Ces équipements sur mesure, assez coûteux, furent progressivement remplacés par des ampoules incandescentes, sous l’appellation « flamme Grand Siècle », tandis que les ouvertures nocturnes du château entraînaient une multiplication des points d’éclairage en renfort, peu esthétiques et historiquement déplacés.
Des ampoules incandescentes désormais proscrites, en vue de diminuer la consommation d’énergie…
Dès 2008, en effet, était annoncé l’arrêt de leur fabrication, ce qui nous a contraints à nous tourner rapidement vers les ampoules de type LED. Les premières d’entre elles étaient disgracieuses et impossibles à intégrer dans les décors versaillais. Aussi a-t-il été confié, en 2010, au célèbre cristallier Swarovski, la tâche d’imaginer un modèle digne d’éclairer le château.
Ce ne fut pas évident : le premier essai sorti de ses ateliers ressemblait plus à un bouchon de carafe qu’à une véritable flamme, absolument pas « Versailles compatible » ! Je l’ai, figurez-vous, remarqué sur certains des lustres du château de Schönbrunn, en Autriche, mais, à Versailles, la réflexion s’est poursuivie pour aboutir, en 2011, à un consensus. Je revois encore l’un de nos conservateurs actionnant la flamme d’un briquet pour montrer ce que nous souhaitions vraiment !

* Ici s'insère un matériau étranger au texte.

lemma inj_on_clades: "inj_on c {1..n-1}"
proof (rule inj_onI)
  fix i k assume "i \<in> {1..n-1}" "k \<in> {1..n-1}" "c i = c k"
  then show "i = k"
    using clade_not_subset_earlier[of i k] clade_not_subset_earlier[of k i]
    by (cases i k rule: linorder_cases) auto
qed

lemma laminar_LT: "laminar (LT n c)"
  unfolding laminar_def LT_def
proof (intro ballI)
  fix X Y assume "X \<in> c ` {1..n-1}" "Y \<in> c ` {1..n-1}"
  then obtain i k where i: "i \<in> {1..n-1}" and k: "k \<in> {1..n-1}" and "X = c i" "Y = c k"
    by blast
  moreover consider "i < k" | "k < i" | "i = k" by arith
  then have "c i \<subseteq> c k \<or> c k \<subseteq> c i \<or> c i \<inter> c k = {}"
    using earlier_clade_subset_or_disjoint[OF i k] earlier_clade_subset_or_disjoint[OF k i]
    by cases auto
  ultimately show "X \<subseteq> Y \<or> Y \<subseteq> X \<or> X \<inter> Y = {}" by simp
qed

lemma clade_nonempty: "i \<in> {1..n-1} \<Longrightarrow> c i \<noteq> {}"
  using two_le_card_clade by fastforce

lemma empty_notin_LT: "{} \<notin> LT n c"
  using clade_nonempty unfolding LT_def by fastforce

lemma earlier_clades_below_merge:
  assumes i: "i \<in> {1..n-1}" and AB: "is_child_pair n c i A B"
  shows "{k\<in>{1..i}. c k \<subseteq> A \<union> B} = insert i ({k\<in>{1..i-1}. c k \<subseteq> A} \<union> {k\<in>{1..i-1}. c k \<subseteq> B})"
proof -
  have Q: "partition_on {1..n} (blocks n c (i - 1))" using i by (intro partition_on_blocks) auto
  have A: "A \<in> blocks n c (i - 1)" and B: "B \<in> blocks n c (i - 1)" and ci: "c i = A \<union> B"
    using AB by (auto simp: is_child_pair_def)
  have below: "c k \<subseteq> A \<or> c k \<subseteq> B" if k: "k \<in> {1..i-1}" and "c k \<subseteq> A \<union> B" for k
  proof -
    have "k \<in> {1..n-1}" "k < i" using i k by auto
    then obtain E where E: "E \<in> blocks n c (i - 1)" "c k \<subseteq> E"
      using earlier_clade_in_block by blast
    have "E \<inter> A \<noteq> {} \<or> E \<inter> B \<noteq> {}"
      using clade_nonempty[OF \<open>k \<in> {1..n-1}\<close>] \<open>c k \<subseteq> A \<union> B\<close> E(2) by blast
    then have "E = A \<or> E = B"
      using partition_on_eq_if_inter[OF Q E(1) A] partition_on_eq_if_inter[OF Q E(1) B] by blast
    then show ?thesis using E(2) by blast
  qed
  have "{1..i} = insert i {1..i-1}" using i by auto
  then show ?thesis using ci below by blast
qed

lemma card_earlier_clades_in_block:
  "j \<le> n - 1 \<Longrightarrow> E \<in> blocks n c j \<Longrightarrow> card {k\<in>{1..j}. c k \<subseteq> E} = card E - 1"
proof (induction j arbitrary: E)
  case 0
  then show ?case by (auto simp: blocks_0 leaf_clades_def)
next
  case (Suc j)
  have i: "Suc j \<in> {1..n-1}" using Suc.prems by simp
  obtain A B where AB: "is_child_pair n c (Suc j) A B" using ex_child_pair i by blast
  note facts = child_pair_facts[OF i AB]
  have Q: "partition_on {1..n} (blocks n c j)" using Suc.prems by (intro partition_on_blocks) simp
  have A: "A \<in> blocks n c j" and B: "B \<in> blocks n c j" and ci: "c (Suc j) = A \<union> B"
    using AB by (auto simp: is_child_pair_def)
  show ?case
  proof (cases "E = A \<union> B")
    case True
    have "{k\<in>{1..j}. c k \<subseteq> A} \<inter> {k\<in>{1..j}. c k \<subseteq> B} = {}"
      using facts(3) clade_nonempty Suc.prems(1) by fastforce
    moreover have "card {k\<in>{1..j}. c k \<subseteq> A} = card A - 1" "card {k\<in>{1..j}. c k \<subseteq> B} = card B - 1"
      using Suc.IH A B Suc.prems(1) by auto
    moreover have "card A \<ge> 1" "card B \<ge> 1"
      using facts by (auto simp: Suc_le_eq card_gt_0_iff)
    ultimately show ?thesis
      using earlier_clades_below_merge[OF i AB] True facts
      by (simp add: card_Un_disjoint card_insert_if)
  next
    case False
    then have E: "E \<in> blocks n c j - {A, B}" using Suc.prems(2) facts(6) by auto
    have "\<not> c (Suc j) \<subseteq> E"
    proof
      assume "c (Suc j) \<subseteq> E"
      then have "E \<inter> A \<noteq> {}" using ci facts(1) by blast
      then show False using partition_on_eq_if_inter[OF Q _ A] E by blast
    qed
    then have "{k\<in>{1..Suc j}. c k \<subseteq> E} = {k\<in>{1..j}. c k \<subseteq> E}"
      using le_Suc_eq by auto
    then show ?thesis using Suc.IH[of E] Suc.prems E by simp
  qed
qed

lemma hook_LT:
  assumes i: "i \<in> {1..n-1}"
  shows "hook (LT n c) (c i) = card (c i) - 1"
proof -
  have "{X \<in> LT n c. X \<subseteq> c i} = c ` {k\<in>{1..n-1}. c k \<subseteq> c i}"
    unfolding LT_def by blast
  also have "{k\<in>{1..n-1}. c k \<subseteq> c i} = {k\<in>{1..i}. c k \<subseteq> c i}"
    using i clade_not_subset_earlier[OF i] by force
  finally have "hook (LT n c) (c i) = card (c ` {k\<in>{1..i}. c k \<subseteq> c i})"
    by (simp add: hook_def)
  also have "\<dots> = card {k\<in>{1..i}. c k \<subseteq> c i}"
    using i by (intro card_image inj_on_subset[OF inj_on_clades]) auto
  also have "\<dots> = card (c i) - 1"
    using i clade_in_blocks by (intro card_earlier_clades_in_block) auto
  finally show ?thesis .
qed

lemma prod_hook_LT:
  "(\<Prod>X\<in>LT n c. real (hook (LT n c) X)) = (\<Prod>i=1..n-1. real (card (c i) - 1))"
proof -
  have "(\<Prod>X\<in>LT n c. real (hook (LT n c) X)) = (\<Prod>i=1..n-1. real (hook (LT n c) (c i)))"
    using prod.reindex[OF inj_on_clades, of "\<lambda>X. real (hook (LT n c) X)"] by (simp add: LT_def)
  also have "\<dots> = (\<Prod>i=1..n-1. real (card (c i) - 1))"
    using hook_LT by (intro prod.cong) auto
  finally show ?thesis .
qed

lemma prod_merge_weight_telescope:
  assumes children: "\<forall>i\<in>{1..n-1}. is_child_pair n c i (c1 i) (c2 i)"
  shows "j \<le> n - 1 \<Longrightarrow> (\<Prod>i=1..j. merge_weight (c1 i) (c2 i)) * (\<Prod>i=1..j. real (card (c i) - 1))
    = (\<Prod>E\<in>blocks n c j. fact (card E - 1))"
proof (induction j)
  case 0
  have "(\<Prod>E\<in>leaf_clades n. fact (card E - 1) :: real) = 1"
    by (rule prod.neutral) (auto simp: leaf_clades_def)
  then show ?case by (simp add: blocks_0)
next
  case (Suc j)
  define A B where "A = c1 (Suc j)" and "B = c2 (Suc j)"
  have i: "Suc j \<in> {1..n-1}" using Suc.prems by simp
  have AB: "is_child_pair n c (Suc j) A B" using children i by (simp add: A_def B_def)
  note facts = child_pair_facts[OF i AB]
  have Q: "partition_on {1..n} (blocks n c j)" and fin: "finite (blocks n c j)"
    using Suc.prems partition_on_blocks finite_blocks by simp_all
  have A: "A \<in> blocks n c j" and B: "B \<in> blocks n c j" and "A \<noteq> B"
    and ci: "c (Suc j) = A \<union> B"
    using AB by (auto simp: is_child_pair_def)
  let ?f = "\<lambda>E. fact (card E - 1) :: real"
  have "A \<union> B \<notin> blocks n c j - {A, B}"
    using partition_on_eq_if_inter[OF Q _ A, of "A \<union> B"] facts(1) by auto
  then have new: "(\<Prod>E\<in>blocks n c (Suc j). ?f E) = ?f (A \<union> B) * (\<Prod>E\<in>blocks n c j - {A, B}. ?f E)"
    using facts(6) fin by simp
  have old: "(\<Prod>E\<in>blocks n c j. ?f E) = ?f A * ?f B * (\<Prod>E\<in>blocks n c j - {A, B}. ?f E)"
    using fin A B \<open>A \<noteq> B\<close> by (simp add: prod.remove[of _ A] prod.remove[of _ B] Diff_insert2[symmetric])
  have "(\<Prod>i=1..Suc j. merge_weight (c1 i) (c2 i)) * (\<Prod>i=1..Suc j. real (card (c i) - 1))
      = (\<Prod>i=1..j. merge_weight (c1 i) (c2 i)) * (\<Prod>i=1..j. real (card (c i) - 1))
        * (merge_weight A B * real (card (A \<union> B) - 1))"
    by (simp add: A_def B_def ci prod.nat_ivl_Suc' mult_ac)
  also have "\<dots> = merge_weight A B * real (card (A \<union> B) - 1) * (?f A * ?f B)
      * (\<Prod>E\<in>blocks n c j - {A, B}. ?f E)"
    using Suc.IH Suc.prems old by (simp add: mult_ac)
  also have "\<dots> = (\<Prod>E\<in>blocks n c (Suc j). ?f E)"
    using merge_weight_mult_fact[OF facts(4,5,1-3)] new by simp
  finally show ?case .
qed

lemma card_LT: "card (LT n c) = n - 1"
  unfolding LT_def using card_image[OF inj_on_clades] by simp

lemma in_linear_extensions_LT: "c \<in> linear_extensions (LT n c)"
proof -
  have "i < j" if "i \<in> {1..n-1}" "j \<in> {1..n-1}" "c i \<subset> c j" for i j
    using clade_not_subset_earlier[OF that(2,1)] that(3) by (cases i j rule: linorder_cases) auto
  then show ?thesis
    using ranked inj_on_clades unfolding linear_extensions_def card_LT ranked_tree_def
    by (auto simp: LT_def bij_betw_def)
qed

lemma linear_extensionD:
  assumes "f \<in> linear_extensions (LT n c)"
  shows "\<forall>i. i \<notin> {1..n-1} \<longrightarrow> f i = {}" and "bij_betw f {1..n-1} (LT n c)"
    and "\<forall>i\<in>{1..n-1}. \<forall>j\<in>{1..n-1}. f i \<subset> f j \<longrightarrow> i < j"
  using assms unfolding linear_extensions_def card_LT by auto

lemma LT_linear_extension: "f \<in> linear_extensions (LT n c) \<Longrightarrow> LT n f = LT n c"
  using linear_extensionD(2) by (simp add: LT_def bij_betw_def)

(* Reranking the clades along a linear extension f keeps every child pair a pair of blocks. *)
lemma block_of_linear_extension:
  assumes f: "f \<in> linear_extensions (LT n c)" and i: "i \<in> {1..n-1}" and m: "m \<in> {1..n-1}"
    and fi: "f i = c m" and X: "X \<in> blocks n c (m - 1)" and "X \<subset> c m"
  shows "X \<in> blocks n f (i - 1)"
proof -
  note f_bij = linear_extensionD(2)[OF f] and f_mono = linear_extensionD(3)[OF f]
  have earlier: "c k \<in> f ` {1..i-1}" if k: "k \<in> {1..n-1}" "c k \<subset> c m" for k
  proof -
    have "c k \<in> f ` {1..n-1}" using f_bij k(1) unfolding bij_betw_def LT_def by auto
    then obtain i' where i': "i' \<in> {1..n-1}" "f i' = c k" by auto
    then have "i' < i" using f_mono i fi k(2) by auto
    with i' show ?thesis by force
  qed
  have X_in: "X \<in> leaf_clades n \<union> c ` {1..m-1}" and X_max: "\<not> (\<exists>T \<in> c ` {1..m-1}. X \<subset> T)"
    using X unfolding blocks_def by auto
  have "X \<in> leaf_clades n \<union> f ` {1..i-1}"
  proof (cases "X \<in> leaf_clades n")
    case False
    then obtain k where k: "k \<in> {1..m-1}" and "X = c k" using X_in by blast
    moreover have "k \<in> {1..n-1}" using k m by auto
    ultimately show ?thesis using earlier[of k] \<open>X \<subset> c m\<close> by blast
  qed simp
  moreover have "\<not> X \<subset> f t" if t: "t \<in> {1..i-1}" for t
  proof
    assume "X \<subset> f t"
    have t': "t \<in> {1..n-1}" "t < i" using t i by auto
    then obtain s where s: "s \<in> {1..n-1}" "f t = c s"
      using f_bij unfolding bij_betw_def LT_def by blast
    consider "s < m" | "s = m" | "m < s" by arith
    then show False
    proof cases
      case 1
      then have "c s \<in> c ` {1..m-1}" using s(1) by auto
      then show False using X_max \<open>X \<subset> f t\<close> s(2) by blast
    next
      case 2
      then have "f t = f i" using s(2) fi by simp
      then have "t = i" using inj_onD[OF bij_betw_imp_inj_on[OF f_bij]] t'(1) i by blast
      then show False using t'(2) by simp
    next
      case 3
      have "X \<noteq> {}"
        using X m partition_onD3[OF partition_on_blocks[of "m - 1"]] by auto
      then have "c m \<inter> c s \<noteq> {}" using \<open>X \<subset> f t\<close> \<open>X \<subset> c m\<close> s(2) by blast
      then have "c m \<subseteq> c s" using earlier_clade_subset_or_disjoint[OF m s(1) 3] by blast
      moreover have "c m \<noteq> c s" using inj_onD[OF inj_on_clades _ m s(1)] 3 by auto
      ultimately have "f i \<subset> f t" using fi s(2) by auto
      then have "i < t" using f_mono i t'(1) by blast
      then show False using t'(2) by simp
    qed
  qed
  ultimately show ?thesis unfolding blocks_def by blast
qed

Pourquoi vouloir tout changer aujourd’hui ?
Ce modèle équipe toujours une grande partie du château, mais il est d’une autre époque, où l’on raisonnait en termes de décor lumineux historique, sans trop se soucier de la visibilité des lieux. Aujourd’hui, ce concept est abandonné au profit de celui d’éclairage historique.
« Dans un monument comme Versailles, il s’agit de concilier le confort visuel des visiteurs avec la volonté d’une reconstitution historique étayée, tout en assurant la préservation des œuvres. »

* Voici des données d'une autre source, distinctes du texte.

section \<open>Isometries and affine maps\<close>

lemma isometry_on_convex_segment:
  fixes u :: "'a::euclidean_space \<Rightarrow> 'b::euclidean_space"
  assumes "convex S" and x0: "x0 \<in> S" and x: "x \<in> S"
    and isometry: "\<And>x y. x \<in> S \<Longrightarrow> y \<in> S \<Longrightarrow> dist (u x) (u y) = dist x y"
    and t: "0 \<le> t" "t \<le> 1"
  shows "u (x0 + t *\<^sub>R (x - x0)) = u x0 + t *\<^sub>R (u x - u x0)"
proof -
  define w where "w = x - x0"
  define z where "z = x0 + t *\<^sub>R w"
  have "(1 - t) *\<^sub>R x0 + t *\<^sub>R x \<in> S"
    using \<open>convex S\<close> x0 x t by (simp add: convex_alt)
  then have z: "z \<in> S"
    by (simp add: z_def w_def algebra_simps)
  have "x0 - z = - (t *\<^sub>R w)" "x - z = (1 - t) *\<^sub>R w"
    by (simp_all add: z_def w_def algebra_simps)
  then have dist1: "dist (u x0) (u z) = t * norm w" and dist2: "dist (u z) (u x) = (1 - t) * norm w"
    using isometry[OF x0 z] isometry[OF z x] t by (simp_all add: dist_commute dist_norm)
  have "dist (u x0) (u x) = norm w"
    using isometry[OF x0 x] by (simp add: w_def dist_norm norm_minus_commute)
  \<comment> \<open>Equality in the triangle inequality puts u z on the segment from u x0 to u x.\<close>
  then have "between (u x0, u x) (u z)"
    using dist1 dist2 by (simp add: between algebra_simps)
  then obtain s where s: "0 \<le> s" "s \<le> 1" "u z = (1 - s) *\<^sub>R u x0 + s *\<^sub>R u x"
    by (rule betweenE)
  have "u x0 - u z = s *\<^sub>R (u x0 - u x)"
    using s(3) by (simp add: algebra_simps)
  then have "dist (u x0) (u z) = s * norm w"
    using s(1) \<open>dist (u x0) (u x) = norm w\<close> by (simp add: dist_norm)
  then have "s = t \<or> w = 0"
    using dist1 by auto
  then show ?thesis
    using s(3) by (auto simp: z_def w_def algebra_simps)
qed

lemma isometry_on_convex_eq_affine:
  fixes u :: "'a::euclidean_space \<Rightarrow> 'b::euclidean_space"
  assumes "convex S" and x0: "x0 \<in> S"
    and isometry: "\<And>x y. x \<in> S \<Longrightarrow> y \<in> S \<Longrightarrow> dist (u x) (u y) = dist x y"
    and D: "(u has_derivative D) (at x0 within S)"
    and x: "x \<in> S"
  shows "u x = u x0 + D (x - x0)"
proof -
  define w where "w = x - x0"
  have segment: "x0 + t *\<^sub>R w \<in> S" if "0 \<le> t" "t \<le> 1" for t
  proof -
    have "(1 - t) *\<^sub>R x0 + t *\<^sub>R x \<in> S"
      using \<open>convex S\<close> x0 x that by (simp add: convex_alt)
    then show ?thesis
      by (simp add: w_def algebra_simps)
  qed
  have "((\<lambda>t. x0 + t *\<^sub>R w) has_vector_derivative w) (at 0 within {0..1})"
    by (auto intro!: derivative_eq_intros)
  moreover have "(u has_derivative D) (at (x0 + 0 *\<^sub>R w) within (\<lambda>t. x0 + t *\<^sub>R w) ` {0..1})"
    using segment by (simp, intro has_derivative_subset[OF D]) auto
  ultimately have "(u \<circ> (\<lambda>t. x0 + t *\<^sub>R w) has_vector_derivative D w) (at 0 within {0..1})"
    by (rule vector_derivative_diff_chain_within)
  then have "((\<lambda>t. u x0 + t *\<^sub>R (u x - u x0)) has_vector_derivative D w) (at 0 within {0..1})"
    by (rule has_vector_derivative_transform_within[OF _ zero_less_one])
       (auto simp: w_def isometry_on_convex_segment[OF \<open>convex S\<close> x0 x isometry])
  moreover have "((\<lambda>t. u x0 + t *\<^sub>R (u x - u x0)) has_vector_derivative (u x - u x0)) (at 0 within {0..1})"
    by (auto intro!: derivative_eq_intros)
  ultimately have "D w = u x - u x0"
    using vector_derivative_unique_within_closed_interval[of 0 1 0] by auto
  then show ?thesis
    by (simp add: w_def)
qed

lemma affine_eq_on_ball_imp_eq:
  fixes M M' :: "real^'n::finite^'m::finite"
  assumes "r > 0" and eq: "\<And>x. x \<in> ball c r \<Longrightarrow> M *v x + b = M' *v x + b'"
  shows "M = M'" and "b = b'"
proof -
  have "M *v v = M' *v v" for v
  proof (cases "v = 0")
    case False
    define t where "t = r / (2 * norm v)"
    have "t > 0" "t * norm v < r"
      using False \<open>r > 0\<close> by (simp_all add: t_def)
    then have "c + t *\<^sub>R v \<in> ball c r"
      by (simp add: dist_norm)
    from eq[OF this] have "(M *v c + b) + t *\<^sub>R (M *v v) = (M' *v c + b') + t *\<^sub>R (M' *v v)"
      by (simp add: matrix_vector_right_distrib matrix_vector_mult_scaleR algebra_simps)
    then have "t *\<^sub>R (M *v v) = t *\<^sub>R (M' *v v)"
      using eq[of c] \<open>r > 0\<close> by simp
    then show ?thesis
      using \<open>t > 0\<close> by simp
  qed simp
  then show "M = M'"
    by (simp add: matrix_eq)
  then show "b = b'"
    using eq[of c] \<open>r > 0\<close> by simp
qed

lemma affine_eq_on_overlapping_balls:
  fixes u :: "real^'n::finite \<Rightarrow> real^'m::finite"
  assumes c: "\<forall>y\<in>ball c r. u y = M *v y + b" and x: "\<forall>y\<in>ball x r'. u y = M' *v y + b'"
    and "x \<in> ball c r" "r' > 0"
  shows "M' = M" and "b' = b"
proof -
  have pos: "min r' (r - dist c x) > 0"
    using assms(3,4) by simp
  have sub: "ball x (min r' (r - dist c x)) \<subseteq> ball x r' \<inter> ball c r"
    by (auto simp: dist_commute) (metis add.commute dist_commute dist_triangle_lt less_diff_eq)
  have "M' *v y + b' = M *v y + b" if "y \<in> ball x (min r' (r - dist c x))" for y
  proof -
    have "y \<in> ball x r'" "y \<in> ball c r"
      using that sub by auto
    from bspec[OF x this(1)] bspec[OF c this(2)] show ?thesis
      by simp
  qed
  then show "M' = M" "b' = b"
    using affine_eq_on_ball_imp_eq[OF pos] by blast+
qed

Lors des opérations de travaux, les sources Swarovski sont remplacées par des équipements plus performants, mais dont la forme ou la température de couleur ne font pas forcément l’unanimité. Dans un monument comme Versailles, il s’agit de concilier le confort visuel des visiteurs avec la volonté d’une reconstitution historique étayée, tout en assurant la préservation des œuvres.
Une réflexion globale sur les principes d’éclairage du château, menée avec toutes les parties prenantes – l’architecte en chef des Monuments historiques, les conservateurs du musée, les ingénieurs de la Direction du patrimoine – devait donc s’engager.

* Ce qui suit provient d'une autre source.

section \<open>Convex geometry\<close>

lemma hyperplane_eq_imp_proportional:
  fixes a c :: "'a::euclidean_space"
  assumes a: "a \<noteq> 0" and eq: "{x. c \<bullet> x = e} = {x. a \<bullet> x = b}"
  obtains \<mu> where "c = \<mu> *\<^sub>R a" "e = \<mu> * b"
proof -
  define x0 where "x0 = (b / (a \<bullet> a)) *\<^sub>R a"
  have a_x0: "a \<bullet> x0 = b"
    using a by (simp add: x0_def)
  then have c_x0: "c \<bullet> x0 = e"
    using eq by blast
  have c_orth: "c \<bullet> y = 0" if "a \<bullet> y = 0" for y
  proof -
    have "x0 + y \<in> {x. a \<bullet> x = b}"
      using a_x0 that by (simp add: inner_add_right)
    then have "c \<bullet> (x0 + y) = e"
      using eq by blast
    then show ?thesis
      using c_x0 by (simp add: inner_add_right)
  qed
  define \<mu> where "\<mu> = (c \<bullet> a) / (a \<bullet> a)"
  have "a \<bullet> (c - \<mu> *\<^sub>R a) = 0"
    using a by (simp add: \<mu>_def inner_diff_right inner_commute)
  then have "(c - \<mu> *\<^sub>R a) \<bullet> (c - \<mu> *\<^sub>R a) = 0"
    using c_orth by (simp add: inner_diff_left)
  then have "c = \<mu> *\<^sub>R a"
    by simp
  moreover from this have "e = \<mu> * b"
    using a_x0 c_x0 by simp
  ultimately show ?thesis by (rule that)
qed

lemma affine_hull_eq_hyperplane:
  fixes S :: "'a::euclidean_space set"
  assumes sub: "S \<subseteq> {x. a \<bullet> x = b}" and "a \<noteq> 0" and dim: "aff_dim S = DIM('a) - 1"
  shows "affine hull S = {x. a \<bullet> x = b}"
proof (rule ccontr)
  assume ne: "affine hull S \<noteq> {x. a \<bullet> x = b}"
  have "affine hull S \<subseteq> {x. a \<bullet> x = b}"
    using sub affine_hyperplane by (rule hull_minimal)
  moreover have "affine hull {x. a \<bullet> x = b} = {x. a \<bullet> x = b}"
    by (simp add: affine_hyperplane hull_same)
  ultimately have "affine hull S \<subset> affine hull {x. a \<bullet> x = b}"
    using ne by blast
  then have "aff_dim S < aff_dim {x. a \<bullet> x = b}"
    by (rule aff_dim_psubset)
  with \<open>a \<noteq> 0\<close> dim show False
    by simp
qed

lemma facet_hyperplanes_proportional:
  fixes S :: "'a::euclidean_space set"
  assumes dim: "aff_dim S = DIM('a)" and F: "F facet_of S"
    and "a \<noteq> 0" "F \<subseteq> {x. a \<bullet> x = b}" and "c \<noteq> 0" "F \<subseteq> {x. c \<bullet> x = e}"
  obtains \<mu> where "c = \<mu> *\<^sub>R a" "e = \<mu> * b"
proof -
  have "aff_dim F = DIM('a) - 1"
    using F dim by (simp add: facet_of_def)
  then have "affine hull F = {x. a \<bullet> x = b}" "affine hull F = {x. c \<bullet> x = e}"
    using assms affine_hull_eq_hyperplane by blast+
  then have "{x. c \<bullet> x = e} = {x. a \<bullet> x = b}"
    by simp
  with \<open>a \<noteq> 0\<close> show ?thesis
    using hyperplane_eq_imp_proportional that by blast
qed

Comment vous y êtes-vous pris, face à un ensemble aussi colossal ?
La Direction du patrimoine a saisi l’opportunité des travaux projetés pour la mise en sécurité du corps central du château pour mandater INGELUX sur un programme d’éclairage. La société d’ingénierie nous a proposé des regroupements en fonction de la lumière naturelle, des collections présentées et des possibilités d’installation du matériel. Le caractère palatial du château est aussi déterminant, tant par ses décors que par les ambiances lumineuses à créer en lien avec le parcours du visiteur.
Cinq pièces, comme la galerie des Glaces, ont été considérées à part en raison de leur caractère exceptionnel. Ont été également distingués les salles de grandes dimensions, dotées de corniches autour du plafond à double hauteur, telle l’enfilade de salons côté nord ; celles, moins vastes, présentant une forte présence de dorures et des plafonds plats ; celles, souvent plus intimes, ornées d’un riche décor historique et mettant en scène la vie dans le château ; celles plutôt consacrées aux collections, tableaux, mobilier, porcelaines, dont fait partie la galerie de l’Histoire ; et, enfin, les espaces de circulation, vestibules, couloirs, etc. Un chantier test a permis de faire le tour des problématiques posées selon les endroits.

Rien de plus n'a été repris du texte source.